--- TASK OBJECTIVE ---
Search the lines of the records for the word "list", and copy every line that has it.

--- DATA PROVIDED ---

lemma limit_le_asymptotic_map:
  assumes x: "\<And>n. x n \<in> nonneg_orthant" and x0: "x0 \<in> nonneg_orthant"
    and x_lim: "x \<longlonglongrightarrow> x0" and y_lim: "y \<longlonglongrightarrow> y0"
    and below: "\<And>q. 0 < q \<Longrightarrow> \<forall>\<^sub>F n in sequentially. \<forall>i. y n $ i \<le> f (q *\<^sub>R x n) $ i / q"
  shows "y0 $ i \<le> f_inf x0 $ i"
proof (rule le_asymptotic_map[OF x0])
  fix q :: real assume q: "0 < q"
  have f_lim: "(\<lambda>n. f (q *\<^sub>R x n)) \<longlonglongrightarrow> f (q *\<^sub>R x0)"
    using x x0 q
    by (intro continuous_on_tendsto_compose[OF continuous] tendsto_intros x_lim)
      (auto intro!: always_eventually scaleR_mem_nonneg_orthant)
  have "(\<lambda>n. f (q *\<^sub>R x n) $ i / q) \<longlonglongrightarrow> f (q *\<^sub>R x0) $ i / q"
    using q by (intro tendsto_divide tendsto_vec_nth[OF f_lim] tendsto_const) simp
  then show "y0 $ i \<le> f (q *\<^sub>R x0) $ i / q"
    by (rule tendsto_le[OF trivial_limit_sequentially _ tendsto_vec_nth[OF y_lim]])
      (use below[OF q] in \<open>auto elim: eventually_mono\<close>)
qed
(* For each $X\in\{\mathrm{B_{ii}},\mathrm{B_{vi}},\mathrm{H_{ii}},\mathrm{H_{iii}}\}$, let $G_X$ be the group with generators $a,b,c$ and relations $\mathrm{B_{ii}}$: $ababab=bababa,\ bc=ab,\ ac=ca$; $\mathrm{B_{vi}}$: $aba=bab,\ aca=bac,\ acaca=cacac$; $\mathrm{H_{ii}}$: $abab=baba,\ aca=bac,\ acaca=cacac$; $\mathrm{H_{iii}}$: $aba=bab,\ bcba=cbac,\ cba=acb$; and let $G_X^+$ be the submonoid of $G_X$ generated by $a,b,c$. Then $G_X^+$ is not a Gaussian monoid; hence it is neither an Artin monoid nor a Garside monoid.
   Context: A monoid is Gaussian if it is atomic, cancellative, and admits the (left and right) divisibility theory, i.e. any two elements have a left least common multiple and a right least common multiple with respect to left/right divisibility ($U|_lV$ iff $V=UW$, $U|_rV$ iff $V=WU$ for some $W$). *)

theory Defs
  imports "HOL-Algebra.Group"
begin

datatype gen = a | b | c

text \<open>A group word: a letter (g, True) stands for g, (g, False) for g inverse.\<close>
type_synonym word = "(gen \<times> bool) list"

definition pos :: "gen list \<Rightarrow> word" where
  "pos w = map (\<lambda>g. (g, True)) w"

inductive grp_step :: "(gen list \<times> gen list) set \<Rightarrow> word \<Rightarrow> word \<Rightarrow> bool"
  for R where
  rel: "(l, r) \<in> R \<Longrightarrow> grp_step R (u @ pos l @ v) (u @ pos r @ v)"
| cancel: "grp_step R (u @ [(g, s), (g, \<not> s)] @ v) (u @ v)"

definition grp_eq :: "(gen list \<times> gen list) set \<Rightarrow> word \<Rightarrow> word \<Rightarrow> bool" where
  "grp_eq R = equivclp (grp_step R)"

definition cls :: "(gen list \<times> gen list) set \<Rightarrow> word \<Rightarrow> word set" where
  "cls R w = {v. grp_eq R w v}"

text \<open>The submonoid of the presented group generated by a, b, c: the elements
  represented by positive words, with the group multiplication.\<close>
definition pos_monoid :: "(gen list \<times> gen list) set \<Rightarrow> word set monoid" where
  "pos_monoid R = \<lparr> carrier = (\<lambda>w. cls R (pos w)) ` UNIV,
                    mult = (\<lambda>X Y. \<Union>u\<in>X. \<Union>v\<in>Y. cls R (u @ v)),
                    one = cls R [] \<rparr>"

datatype presentation = B_ii | B_vi | H_ii | H_iii

fun rels :: "presentation \<Rightarrow> (gen list \<times> gen list) set" where
  "rels B_ii = {([a,b,a,b,a,b], [b,a,b,a,b,a]), ([b,c], [a,b]), ([a,c], [c,a])}"
| "rels B_vi = {([a,b,a], [b,a,b]), ([a,c,a], [b,a,c]), ([a,c,a,c,a], [c,a,c,a,c])}"
| "rels H_ii = {([a,b,a,b], [b,a,b,a]), ([a,c,a], [b,a,c]), ([a,c,a,c,a], [c,a,c,a,c])}"
| "rels H_iii = {([a,b,a], [b,a,b]), ([b,c,b,a], [c,b,a,c]), ([c,b,a], [a,c,b])}"

definition left_dvd :: "('a, 'm) monoid_scheme \<Rightarrow> 'a \<Rightarrow> 'a \<Rightarrow> bool" where
  "left_dvd M u v \<longleftrightarrow> (\<exists>w\<in>carrier M. v = u \<otimes>\<^bsub>M\<^esub> w)"

definition right_dvd :: "('a, 'm) monoid_scheme \<Rightarrow> 'a \<Rightarrow> 'a \<Rightarrow> bool" where
  "right_dvd M u v \<longleftrightarrow> (\<exists>w\<in>carrier M. v = w \<otimes>\<^bsub>M\<^esub> u)"

definition cancellative :: "('a, 'm) monoid_scheme \<Rightarrow> bool" where
  "cancellative M \<longleftrightarrow>
     (\<forall>x\<in>carrier M. \<forall>y\<in>carrier M. \<forall>z\<in>carrier M.
        (x \<otimes>\<^bsub>M\<^esub> y = x \<otimes>\<^bsub>M\<^esub> z \<longrightarrow> y = z) \<and>
        (y \<otimes>\<^bsub>M\<^esub> x = z \<otimes>\<^bsub>M\<^esub> x \<longrightarrow> y = z))"

definition atomic :: "('a, 'm) monoid_scheme \<Rightarrow> bool" where
  "atomic M \<longleftrightarrow>
     (\<forall>x\<in>carrier M. \<exists>N::nat. \<forall>xs. set xs \<subseteq> carrier M - {\<one>\<^bsub>M\<^esub>} \<and>
        foldr (mult M) xs \<one>\<^bsub>M\<^esub> = x \<longrightarrow> length xs \<le> N)"

definition is_lcm :: "('a, 'm) monoid_scheme \<Rightarrow> ('a \<Rightarrow> 'a \<Rightarrow> bool) \<Rightarrow> 'a \<Rightarrow> 'a \<Rightarrow> 'a \<Rightarrow> bool" where
  "is_lcm M d x y z \<longleftrightarrow> z \<in> carrier M \<and> d x z \<and> d y z \<and>
     (\<forall>w\<in>carrier M. d x w \<and> d y w \<longrightarrow> d z w)"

--- ANSWER FOR THE TASK ---
type_synonym word = "(gen \<times> bool) list"
definition pos :: "gen list \<Rightarrow> word" where
inductive grp_step :: "(gen list \<times> gen list) set \<Rightarrow> word \<Rightarrow> word \<Rightarrow> bool"
definition grp_eq :: "(gen list \<times> gen list) set \<Rightarrow> word \<Rightarrow> word \<Rightarrow> bool" where
definition cls :: "(gen list \<times> gen list) set \<Rightarrow> word \<Rightarrow> word set" where
definition pos_monoid :: "(gen list \<times> gen list) set \<Rightarrow> word set monoid" where
fun rels :: "presentation \<Rightarrow> (gen list \<times> gen list) set" where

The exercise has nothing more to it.